Time for the risk weighting of residential mortgages to change from 35-40% to 100%. All the low figure has done is encourage bulk lending for non-productive assets.

Personally I think that banks should not be able to create money for residential existing housing mortgages - i.e., 100% reserve requirements for such loans. Would obviously have to be phased in gradually. I fail to see the benefit in creating money for such lending. I doubt that's where they're going with the above though. :-)

No mention that the current capital requirements allow such high leverage that Banks can fund 8% credit growth while still allowing 6% dividends on their equity capital. That 8% credit growth is causing household debt to reach 168% of household income.
So perhaps the goal should also be increase capital requirements so to restrict banks to a fair WACC (weighted average cost of capital), rather than the extraordinary returns they currently make.

My question with respect to "1. Capital must readily absorb bank losses ahead of creditors and depositors" What is the definition of capital? This statement ostensibly states that depositors funds are not included under the heading of "capital", but we also know that the banks have conned Governments into enacting law that states that depositors funds are the property of the bank, and not the depositor, and that depositors are "unsecured creditors".

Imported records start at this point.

lemma matrix_vector_mult_axis: "(A *v axis j 1) $ i = A $ i $ j"
  by (simp add: matrix_vector_mult_def axis_def if_distrib cong: if_cong)

lemma qform_axis: "qform A (axis i 1) = A $ i $ i"
  by (simp add: qform_def cinner_axis_left matrix_vector_mult_axis)

lemma self_adjoint_qform_real: "self_adjoint A \<Longrightarrow> Im (qform A x) = 0"
  by (metis cnj_cinner self_adjoint_cinner qform_def Reals_cnj_iff complex_is_Real_iff)

lemma self_adjoint_qform_of_real: "self_adjoint A \<Longrightarrow> qform A x = of_real (Re (qform A x))"
  by (simp add: complex_eq_iff self_adjoint_qform_real)

lemma bounded_bilinear_matrix_vector_mult:
  "bounded_bilinear (\<lambda>(A::'n::finite op) (y::complex^'n). A *v y)"
proof (rule bilinear_conv_bounded_bilinear[THEN iffD1])
  show "bilinear (\<lambda>(A::'n op) (y::complex^'n). A *v y)"
    unfolding bilinear_def
    by (auto intro!: linearI simp: matrix_vector_mult_add_rdistrib matrix_vector_right_distrib
        vec_eq_iff matrix_vector_mult_def scaleR_sum_right distrib_right sum.distrib)
qed

lemma qform_norm_bound: "\<exists>K\<ge>0. \<forall>(A::'n::finite op) y. \<bar>Re (qform A y)\<bar> \<le> K * norm A * (norm y)\<^sup>2"
proof -
  obtain K where K: "K > 0" "\<And>(A::'n op) y. norm (A *v y) \<le> norm A * norm y * K"
    using bounded_bilinear.pos_bounded[OF bounded_bilinear_matrix_vector_mult] by blast
  have "\<bar>Re (qform A y)\<bar> \<le> K * norm A * (norm y)\<^sup>2" for A :: "'n op" and y
  proof -
    have "\<bar>Re (qform A y)\<bar> \<le> norm y * norm (A *v y)"
      unfolding qform_def Re_cinner by (rule Cauchy_Schwarz_ineq2)
    also have "\<dots> \<le> norm y * (norm A * norm y * K)"
      by (intro mult_left_mono K(2)) simp
    finally show ?thesis by (simp add: power2_eq_square algebra_simps)
  qed
  then show ?thesis using K(1) by (intro exI[of _ K]) auto
qed

lemma bounded_linear_Re_qform: "bounded_linear (\<lambda>A. Re (qform A x))"
  by (rule bounded_linear_op) (simp_all add: qform_add qform_smult_op)

lemma qform_attains_min_on_sphere:
  "\<exists>x0. norm x0 = 1 \<and> (\<forall>y. norm y = 1 \<longrightarrow> Re (qform A x0) \<le> Re (qform A (y::complex^'n::finite)))"
proof -
  have "continuous_on (sphere 0 1) (\<lambda>y. Re (qform A y))"
    unfolding qform_def Re_cinner by (intro continuous_intros)
  moreover have "axis undefined 1 \<in> sphere (0::complex^'n) 1"
    by (simp add: norm_axis_1)
  ultimately show ?thesis
    using continuous_attains_inf[OF compact_sphere, of 0 1 "\<lambda>y. Re (qform A y)"] by auto
qed

lemma qform_ge_of_sphere_bound:
  assumes "\<And>u. norm u = 1 \<Longrightarrow> m \<le> Re (qform A u)"
  shows "m * (norm y)\<^sup>2 \<le> Re (qform A y)"
proof (cases "y = 0")
  case True
  then show ?thesis by (simp add: qform_def cinner_def)
next
  case False
  define u where "u = (1 / norm y) *\<^sub>R y"
  have "norm y *\<^sub>R u = y" and "norm u = 1"
    using False by (simp_all add: u_def)
  then have "Re (qform A y) = (norm y)\<^sup>2 * Re (qform A u)"
    using qform_scaleR[of A "norm y" u] by simp
  then show ?thesis
    using mult_right_mono[OF assms[OF \<open>norm u = 1\<close>], of "(norm y)\<^sup>2"] by (simp add: mult.commute)
qed

section \<open>Positive semidefinite matrices\<close>

lemma quadratic_nonneg_bound:
  fixes a m q :: real
  assumes nonneg: "\<And>t. 0 \<le> a - 2*t*m + t*t*m*q" and "m \<ge> 0" "q \<ge> 0"
  shows "m \<le> a * q"
proof (cases "q = 0")
  case True
  show ?thesis
  proof (rule ccontr)
    assume "\<not> m \<le> a * q"
    then have m: "m > 0" using True by simp
    have "0 \<le> a - 2*((a+1)/(2*m))*m" using nonneg[of "(a+1)/(2*m)"] True by simp
    also have "\<dots> = -1" using m by (simp add: field_simps)
    finally show False by simp
  qed
next
  case False
  then have q: "q > 0" using assms by simp
  have "0 \<le> a - 2*(1/q)*m + (1/q)*(1/q)*m*q" by (rule nonneg)
  also have "\<dots> = a - m/q" using q by (simp add: field_simps)
  finally show ?thesis using q by (simp add: field_simps)
qed

text \<open>The discriminant argument, applied to \<open>x - t\<langle>y, A x\<rangle> y\<close> for real \<open>t\<close>.\<close>

lemma psd_cauchy_schwarz:
  assumes "psd A"
  shows "(cmod (cinner y (A *v x)))\<^sup>2 \<le> Re (qform A x) * Re (qform A y)"
proof -
  have sa: "self_adjoint A" and pos: "\<And>z. 0 \<le> Re (qform A z)"
    using assms by (auto simp: psd_iff_qform)
  define b where "b = cinner y (A *v x)"
  have cb: "cinner x (A *v y) = cnj b"
    unfolding b_def by (simp add: self_adjoint_cinner[OF sa] cnj_cinner)
  have "0 \<le> Re (qform A x) - 2*t*(cmod b)\<^sup>2 + t*t*(cmod b)\<^sup>2 * Re (qform A y)" for t :: real
  proof -
    define l where "l = of_real t * b"
    have "qform A (x - l *s y) = qform A x - l * cnj b - cnj l * b + l * cnj l * qform A y"
      unfolding qform_def
      by (simp add: matrix_vector_mult_diff_distrib vec.scale cinner_diff_left cinner_diff_right
          cinner_scale_left cinner_scale_right cb b_def[symmetric] algebra_simps)
    also have "\<dots> = of_real (Re (qform A x) - 2*t*(cmod b)\<^sup>2 + t*t*(cmod b)\<^sup>2 * Re (qform A y))"
      unfolding cmod_power2 by (subst (1 2) self_adjoint_qform_of_real[OF sa])
        (simp add: l_def complex_eq_iff algebra_simps power2_eq_square)
    finally show ?thesis using pos[of "x - l *s y"] by simp
  qed
  then have "(cmod b)\<^sup>2 \<le> Re (qform A x) * Re (qform A y)"
    by (intro quadratic_nonneg_bound) (auto simp: pos)
  then show ?thesis by (simp add: b_def)
qed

The way I read this statement, banks should not be looking to give depositors a 'haircut' if they get into trouble. Does this mean the RBNZ is moving to change the law? About time!

The RBNZ implements regulations similar to Basel III. The link below gives an ok explanation of the different tiers of bank capital. Bank deposits go only after the "buffer" capital has gone. Depositors always risk taking a haircut in the event of a bank failure, all you can do is hope that the Government decides to provide a bail out.


Funny, they don't seem to mention Alan Greenspan's conclusion that banks need 20% to 30% capital reserves to be financially sound. I wonder why?

That would be responsible though. Why do we let our licensed banks use so much leverage when the Government wears the risk for their mismanagement and failure?

This is what to big to fail is about, socially subsidizing the risk of private profits.